* [Description of the task]: Nothing in the records should differ when you write them out again.

* [Records for this task]:
(* Let $k$ be a commutative ring, $A$ a commutative $k$-algebra, $(A,\mathfrak g_{A/k},\alpha)$ a Lie algebroid, $S^\cdot$ a noetherian graded $\mathfrak g_{A/k}$-algebra which is semi-simple over $\mathfrak g_{A/k}$ with $\bar S^0$ noetherian, and $M^\cdot$ a graded $(S^\cdot,\mathfrak g_{A/k})$-module of finite type over $S^\cdot$ which is semi-simple over $\mathfrak g_{A/k}$. Write $S^\cdot=A\bar S^\cdot\oplus Q$ with $Q$ a (semi-simple) $\mathfrak g_{A/k}$-submodule of $S^\cdot$, and $M^\cdot=A\bar M^\cdot\oplus M_1$ with $M_1$ a $\mathfrak g_{A/k}$-submodule of $M^\cdot$. Then $Q\cdot\bar M^\cdot\subset M_1$.
   Context: A Lie algebroid $(A,\mathfrak g_{A/k},\alpha)$: an $A$-module of finite type $\mathfrak g_{A/k}$ with a $k$-bilinear Lie bracket and a map $\alpha:\mathfrak g_{A/k}\to T_{A/k}$ (the $k$-derivations of $A$) which is a homomorphism of Lie algebras and $A$-modules, with $[\delta,a\eta]=\alpha(\delta)(a)\eta+a[\delta,\eta]$. A $\mathfrak g_{A/k}$-module is an $A$-module $M$ with a $k$-Lie algebra homomorphism $f:\mathfrak g_{A/k}\to\mathrm{End}_k(M)$ satisfying $f(a\delta)(m)=af(\delta)(m)$ and $f(\delta)(am)=\alpha(\delta)(a)m+af(\delta)(m)$; semi-simple means a direct sum of simple $\mathfrak g_{A/k}$-modules. A graded $\mathfrak g_{A/k}$-algebra is a graded commutative $A$-algebra $S^\cdot=\bigoplus_{i\ge0}S^i$ which is a $\mathfrak g_{A/k}$-module via an $A$-linear Lie algebra homomorphism $\phi:\mathfrak g_{A/k}\to T_{S^\cdot/k}$ preserving each $S^i$. A graded $(S^\cdot,\mathfrak g_{A/k})$-module is a graded $S^\cdot$-module $M^\cdot=\bigoplus_{i\in\mathbb Z}M^i$ which is a $\mathfrak g_{A/k}$-module with $\delta M^i\subset M^i$ and $\delta(sm)=\delta(s)m+s\,\delta m$. Bars denote invariants: $\bar M^\cdot=\{m:\delta m=0\ \forall\delta\in\mathfrak g_{A/k}\}$, similarly $\bar S^\cdot$; $A\bar S^\cdot$ and $A\bar M^\cdot$ are the $A$-submodules they generate, which are $\mathfrak g_{A/k}$-submodules. *)

theory Defs
  imports Complex_Main
begin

* [Written response]:
(* Let $k$ be a commutative ring, $A$ a commutative $k$-algebra, $(A,\mathfrak g_{A/k},\alpha)$ a Lie algebroid, $S^\cdot$ a noetherian graded $\mathfrak g_{A/k}$-algebra which is semi-simple over $\mathfrak g_{A/k}$ with $\bar S^0$ noetherian, and $M^\cdot$ a graded $(S^\cdot,\mathfrak g_{A/k})$-module of finite type over $S^\cdot$ which is semi-simple over $\mathfrak g_{A/k}$. Write $S^\cdot=A\bar S^\cdot\oplus Q$ with $Q$ a (semi-simple) $\mathfrak g_{A/k}$-submodule of $S^\cdot$, and $M^\cdot=A\bar M^\cdot\oplus M_1$ with $M_1$ a $\mathfrak g_{A/k}$-submodule of $M^\cdot$. Then $Q\cdot\bar M^\cdot\subset M_1$.
   Context: A Lie algebroid $(A,\mathfrak g_{A/k},\alpha)$: an $A$-module of finite type $\mathfrak g_{A/k}$ with a $k$-bilinear Lie bracket and a map $\alpha:\mathfrak g_{A/k}\to T_{A/k}$ (the $k$-derivations of $A$) which is a homomorphism of Lie algebras and $A$-modules, with $[\delta,a\eta]=\alpha(\delta)(a)\eta+a[\delta,\eta]$. A $\mathfrak g_{A/k}$-module is an $A$-module $M$ with a $k$-Lie algebra homomorphism $f:\mathfrak g_{A/k}\to\mathrm{End}_k(M)$ satisfying $f(a\delta)(m)=af(\delta)(m)$ and $f(\delta)(am)=\alpha(\delta)(a)m+af(\delta)(m)$; semi-simple means a direct sum of simple $\mathfrak g_{A/k}$-modules. A graded $\mathfrak g_{A/k}$-algebra is a graded commutative $A$-algebra $S^\cdot=\bigoplus_{i\ge0}S^i$ which is a $\mathfrak g_{A/k}$-module via an $A$-linear Lie algebra homomorphism $\phi:\mathfrak g_{A/k}\to T_{S^\cdot/k}$ preserving each $S^i$. A graded $(S^\cdot,\mathfrak g_{A/k})$-module is a graded $S^\cdot$-module $M^\cdot=\bigoplus_{i\in\mathbb Z}M^i$ which is a $\mathfrak g_{A/k}$-module with $\delta M^i\subset M^i$ and $\delta(sm)=\delta(s)m+s\,\delta m$. Bars denote invariants: $\bar M^\cdot=\{m:\delta m=0\ \forall\delta\in\mathfrak g_{A/k}\}$, similarly $\bar S^\cdot$; $A\bar S^\cdot$ and $A\bar M^\cdot$ are the $A$-submodules they generate, which are $\mathfrak g_{A/k}$-submodules. *)

theory Defs
  imports Complex_Main
begin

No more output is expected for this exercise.